(* Let $P,Q,R$ be unary predicate symbols and $S$ a $0$-ary predicate symbol, and let $$\Gamma = \forall x\, \exists y\, (Py \wedge (Qy \rightarrow Rx)) \wedge \neg \forall x\, Rx, \qquad \Delta = \forall x\, (Px \rightarrow (Qx \vee S)) \rightarrow S.$$ Let $\mathcal M=\langle W,\le,v_0,D,\phi\rangle$ be a G-model (interpreting $P$ and $Q$) with base point $v_0$. Then: 1. $v_0\Vdash\exists R\,\Gamma$ if and only if $\mathcal M$ satisfies $I(P,Q)$: for every $w\in W$ there is $a\in D$ with $v_0\Vdash P\mathbf a$ and $w\not\Vdash Q\mathbf a$. 2. $v_0\Vdash\forall S\,\Delta$ if and only if $\mathcal M$ satisfies $J(P,Q)$: for every $w\in W$ there is $a\in D$ with $w\Vdash P\mathbf a$ and $w\not\Vdash Q\mathbf a$.
   Context: $\neg A$ abbreviates $A\rightarrow\perp$. A G-model is $\mathcal{M}=\langle W,\le,v_0,D,\phi\rangle$: $W$ a nonempty set of states, $\le$ a reflexive transitive relation on $W$, $v_0\in W$ with $v_0\le v$ for all $v\in W$, $D$ a nonempty domain, and for each $k$-ary predicate symbol $P$ a set $\phi(P)\subseteq W\times D^k$ that is monotone: if $v\le w$ and $\langle v,a_1,\dots,a_k\rangle\in\phi(P)$ then $\langle w,a_1,\dots,a_k\rangle\in\phi(P)$. Forcing between states and sentences with constants $\mathbf a$ for elements $a\in D$: $v\Vdash P\mathbf a_1\dots\mathbf a_k$ iff $\langle v,a_1,\dots,a_k\rangle\in\phi(P)$; $\wedge,\vee$ are evaluated pointwise; $v\Vdash A\rightarrow B$ iff for all $w\ge v$, $w\Vdash A$ implies $w\Vdash B$; $\perp$ is never forced; $v\Vdash\exists x A$ iff $v\Vdash A[\mathbf a/x]$ for some $a\in D$; $v\Vdash\forall xA$ iff $v\Vdash A[\mathbf a/x]$ for all $a\in D$. Second-order quantifiers: $v\Vdash\exists R\,A$ iff there is a monotone $R'\subseteq W\times D$ such that $v\Vdash A$ in the model obtained by interpreting $R$ as $R'$; $v\Vdash\forall S\,A$ iff for every upward-closed $S'\subseteq W$, $v\Vdash A$ in the model obtained by interpreting the propositional letter $S$ as $S'$. *)

theory Defs
  imports Main
begin

datatype 'd trm = V nat | C 'd

datatype ('p, 'd) fm =
    Atom 'p "'d trm list"
  | Bot
  | Conj "('p, 'd) fm" "('p, 'd) fm"
  | Disj "('p, 'd) fm" "('p, 'd) fm"
  | Imp "('p, 'd) fm" "('p, 'd) fm"
  | Ex nat "('p, 'd) fm"
  | All nat "('p, 'd) fm"
  | Ex1 'p "('p, 'd) fm"    \<comment> \<open>second-order \<open>\<exists>R\<close>, \<open>R\<close> unary\<close>
  | All0 'p "('p, 'd) fm"   \<comment> \<open>second-order \<open>\<forall>S\<close>, \<open>S\<close> propositional (0-ary)\<close>

definition Neg :: "('p, 'd) fm \<Rightarrow> ('p, 'd) fm" where
  "Neg A = Imp A Bot"

fun subst_trm :: "nat \<Rightarrow> 'd \<Rightarrow> 'd trm \<Rightarrow> 'd trm" where
  "subst_trm x a (V y) = (if y = x then C a else V y)"
| "subst_trm x a (C b) = C b"

fun subst :: "nat \<Rightarrow> 'd \<Rightarrow> ('p, 'd) fm \<Rightarrow> ('p, 'd) fm" where
  "subst x a (Atom p ts) = Atom p (map (subst_trm x a) ts)"
| "subst x a Bot = Bot"
| "subst x a (Conj A B) = Conj (subst x a A) (subst x a B)"
| "subst x a (Disj A B) = Disj (subst x a A) (subst x a B)"
| "subst x a (Imp A B) = Imp (subst x a A) (subst x a B)"
| "subst x a (Ex y A) = (if y = x then Ex y A else Ex y (subst x a A))"
| "subst x a (All y A) = (if y = x then All y A else All y (subst x a A))"
| "subst x a (Ex1 p A) = Ex1 p (subst x a A)"
| "subst x a (All0 p A) = All0 p (subst x a A)"

lemma size_subst_trm[simp]: "size (subst_trm x a t) = size t"
  by (cases t) auto

lemma size_subst[simp]: "size (subst x a A) = size A"
  by (induction A) (auto simp: size_list_conv_sum_list comp_def)

text \<open>A G-model \<open>\<langle>W,\<le>,v\<^sub>0,D,\<phi>\<rangle>\<close>; \<open>\<phi> P \<subseteq> W \<times> D\<^sup>k\<close> with tuples as lists.\<close>
definition gmodel ::
  "'w set \<Rightarrow> ('w \<Rightarrow> 'w \<Rightarrow> bool) \<Rightarrow> 'w \<Rightarrow> 'd set \<Rightarrow> ('p \<Rightarrow> ('w \<times> 'd list) set) \<Rightarrow> bool" where
  "gmodel W le v0 D phi \<longleftrightarrow>
     W \<noteq> {} \<and>
     (\<forall>v\<in>W. le v v) \<and>
     (\<forall>u\<in>W. \<forall>v\<in>W. \<forall>w\<in>W. le u v \<longrightarrow> le v w \<longrightarrow> le u w) \<and>
     v0 \<in> W \<and> (\<forall>v\<in>W. le v0 v) \<and>
     D \<noteq> {} \<and>
     (\<forall>P. phi P \<subseteq> W \<times> lists D) \<and>
     (\<forall>P v w as. v \<in> W \<longrightarrow> w \<in> W \<longrightarrow> le v w \<longrightarrow> (v, as) \<in> phi P \<longrightarrow> (w, as) \<in> phi P)"

definition mono_rel :: "'w set \<Rightarrow> ('w \<Rightarrow> 'w \<Rightarrow> bool) \<Rightarrow> 'd set \<Rightarrow> ('w \<times> 'd) set \<Rightarrow> bool" where
  "mono_rel W le D R' \<longleftrightarrow> R' \<subseteq> W \<times> D \<and>
     (\<forall>v w a. v \<in> W \<longrightarrow> w \<in> W \<longrightarrow> le v w \<longrightarrow> (v, a) \<in> R' \<longrightarrow> (w, a) \<in> R')"

definition up_closed :: "'w set \<Rightarrow> ('w \<Rightarrow> 'w \<Rightarrow> bool) \<Rightarrow> 'w set \<Rightarrow> bool" where
  "up_closed W le S' \<longleftrightarrow> S' \<subseteq> W \<and>
     (\<forall>v w. v \<in> W \<longrightarrow> w \<in> W \<longrightarrow> le v w \<longrightarrow> v \<in> S' \<longrightarrow> w \<in> S')"

function forces ::
  "'w set \<Rightarrow> ('w \<Rightarrow> 'w \<Rightarrow> bool) \<Rightarrow> 'd set \<Rightarrow> ('p \<Rightarrow> ('w \<times> 'd list) set)
     \<Rightarrow> 'w \<Rightarrow> ('p, 'd) fm \<Rightarrow> bool" where
  "forces W le D phi v (Atom p ts) = (\<exists>as. ts = map C as \<and> (v, as) \<in> phi p)"
| "forces W le D phi v Bot = False"
| "forces W le D phi v (Conj A B) = (forces W le D phi v A \<and> forces W le D phi v B)"
| "forces W le D phi v (Disj A B) = (forces W le D phi v A \<or> forces W le D phi v B)"
| "forces W le D phi v (Imp A B) =
     (\<forall>w\<in>W. le v w \<longrightarrow> forces W le D phi w A \<longrightarrow> forces W le D phi w B)"
| "forces W le D phi v (Ex x A) = (\<exists>a\<in>D. forces W le D phi v (subst x a A))"
| "forces W le D phi v (All x A) = (\<forall>a\<in>D. forces W le D phi v (subst x a A))"
| "forces W le D phi v (Ex1 p A) =
     (\<exists>R'. mono_rel W le D R' \<and>
        forces W le D (phi(p := {(w, [a]) | w a. (w, a) \<in> R'})) v A)"
| "forces W le D phi v (All0 p A) =
     (\<forall>S'. up_closed W le S' \<longrightarrow>
        forces W le D (phi(p := {(w, []) | w. w \<in> S'})) v A)"
  by pat_completeness auto
termination by (relation "measure (\<lambda>(_, _, _, _, _, A). size A)") auto

definition Gamma :: "'p \<Rightarrow> 'p \<Rightarrow> 'p \<Rightarrow> ('p, 'd) fm" where
  "Gamma P Q R =
     Conj (All 0 (Ex 1 (Conj (Atom P [V 1]) (Imp (Atom Q [V 1]) (Atom R [V 0])))))
          (Neg (All 0 (Atom R [V 0])))"

definition Delta :: "'p \<Rightarrow> 'p \<Rightarrow> 'p \<Rightarrow> ('p, 'd) fm" where
  "Delta P Q S =
     Imp (All 0 (Imp (Atom P [V 0]) (Disj (Atom Q [V 0]) (Atom S []))))
         (Atom S [])"

end

theory Submission
  imports Defs
begin

text \<open>For \<open>\<exists>R \<Gamma>\<close>: given \<open>I(P,Q)\<close>, let \<open>R\<^bold>a\<close> hold at \<open>w\<close> iff \<open>v\<^sub>0 \<Vdash> P\<^bold>a\<close> implies
  \<open>w \<Vdash> Q\<^bold>a\<close>; conversely, any \<open>a\<close> with \<open>w \<nVdash> R\<^bold>a\<close> has, by the first conjunct of \<open>\<Gamma>\<close>,
  a \<open>b\<close> with \<open>v\<^sub>0 \<Vdash> P\<^bold>b\<close> and \<open>w \<nVdash> Q\<^bold>b\<close>. For \<open>\<forall>S \<Delta>\<close>: \<open>J(P,Q)\<close> refutes the antecedent of
  \<open>\<Delta>\<close> at every state; conversely, interpreting \<open>S\<close> as the set of states not below \<open>w\<close>
  makes \<open>S\<close> fail at \<open>w\<close>, so the antecedent fails at some \<open>u \<ge> w\<close> with \<open>u \<le> w\<close>;
  monotonicity moves \<open>P\<^bold>a\<close> down from \<open>u\<close> to \<open>w\<close> and \<open>Q\<^bold>a\<close> up from \<open>w\<close> to \<open>u\<close>.\<close>

lemma singleton_eq_map_C_iff [simp]: "[C a] = map C as \<longleftrightarrow> as = [a]"
  by (cases as) auto

lemma forces_Atom_unary: "forces W le D phi v (Atom p [C a]) \<longleftrightarrow> (v, [a]) \<in> phi p"
  by simp

lemma gmodel_root_in: "gmodel W le v0 D phi \<Longrightarrow> v0 \<in> W"
  unfolding gmodel_def by blast

lemma gmodel_root_le: "gmodel W le v0 D phi \<Longrightarrow> w \<in> W \<Longrightarrow> le v0 w"
  unfolding gmodel_def by blast

lemma gmodel_refl: "gmodel W le v0 D phi \<Longrightarrow> w \<in> W \<Longrightarrow> le w w"
  unfolding gmodel_def by blast

lemma gmodel_trans:
  "gmodel W le v0 D phi \<Longrightarrow> u \<in> W \<Longrightarrow> v \<in> W \<Longrightarrow> w \<in> W \<Longrightarrow> le u v \<Longrightarrow> le v w \<Longrightarrow> le u w"
  unfolding gmodel_def by blast

lemma gmodel_mono:
  "gmodel W le v0 D phi \<Longrightarrow> v \<in> W \<Longrightarrow> w \<in> W \<Longrightarrow> le v w \<Longrightarrow> (v, as) \<in> phi p \<Longrightarrow> (w, as) \<in> phi p"
  unfolding gmodel_def by blast

lemma forces_Ex1_Gamma:
  assumes "P \<noteq> R" and "Q \<noteq> R"
  shows "forces W le D phi v (Ex1 R (Gamma P Q R)) \<longleftrightarrow>
    (\<exists>R'. mono_rel W le D R' \<and>
       (\<forall>a\<in>D. \<exists>b\<in>D. (v, [b]) \<in> phi P \<and>
          (\<forall>w\<in>W. le v w \<longrightarrow> (w, [b]) \<in> phi Q \<longrightarrow> (w, a) \<in> R')) \<and>
       (\<forall>w\<in>W. le v w \<longrightarrow> (\<exists>a\<in>D. (w, a) \<notin> R')))"
  using assms by (simp add: Gamma_def Neg_def)

lemma forces_All0_Delta:
  assumes "P \<noteq> S" and "Q \<noteq> S"
  shows "forces W le D phi v (All0 S (Delta P Q S)) \<longleftrightarrow>
    (\<forall>S'. up_closed W le S' \<longrightarrow> (\<forall>w\<in>W. le v w \<longrightarrow>
       (\<forall>a\<in>D. \<forall>u\<in>W. le w u \<longrightarrow> (u, [a]) \<in> phi P \<longrightarrow> (u, [a]) \<in> phi Q \<or> u \<in> S') \<longrightarrow>
       w \<in> S'))"
  using assms by (simp add: Delta_def)

lemma mono_rel_P_imp_Q:
  assumes "gmodel W le v0 D phi"
  shows "mono_rel W le D {(w, a). w \<in> W \<and> a \<in> D \<and> ((v0, [a]) \<in> phi P \<longrightarrow> (w, [a]) \<in> phi Q)}"
  using gmodel_mono[OF assms] unfolding mono_rel_def by blast

lemma up_closed_not_below:
  assumes "gmodel W le v0 D phi" and "w \<in> W"
  shows "up_closed W le {u \<in> W. \<not> le u w}"
  using gmodel_trans[OF assms(1) _ _ assms(2)] unfolding up_closed_def by blast

lemma Gamma_witness_imp_I:
  assumes "gmodel W le v0 D phi"
    and R': "\<forall>a\<in>D. \<exists>b\<in>D. (v0, [b]) \<in> phi P \<and>
               (\<forall>w\<in>W. le v0 w \<longrightarrow> (w, [b]) \<in> phi Q \<longrightarrow> (w, a) \<in> R')"
    and not_all: "\<forall>w\<in>W. le v0 w \<longrightarrow> (\<exists>a\<in>D. (w, a) \<notin> R')"
    and "w \<in> W"
  shows "\<exists>b\<in>D. (v0, [b]) \<in> phi P \<and> (w, [b]) \<notin> phi Q"
proof -
  have "le v0 w" using gmodel_root_le assms(1,4) .
  with not_all \<open>w \<in> W\<close> obtain a where "a \<in> D" "(w, a) \<notin> R'" by blast
  with R' \<open>w \<in> W\<close> \<open>le v0 w\<close> show ?thesis by blast
qed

-------------------------

__Exercise prompt__
Look through the entries above, and wherever a line holds the string "nVdash", copy it.

__Worked solution__
  \<open>w \<Vdash> Q\<^bold>a\<close>; conversely, any \<open>a\<close> with \<open>w \<nVdash> R\<^bold>a\<close> has, by the first conjunct of \<open>\<Gamma>\<close>,
  a \<open>b\<close> with \<open>v\<^sub>0 \<Vdash> P\<^bold>b\<close> and \<open>w \<nVdash> Q\<^bold>b\<close>. For \<open>\<forall>S \<Delta>\<close>: \<open>J(P,Q)\<close> refutes the antecedent of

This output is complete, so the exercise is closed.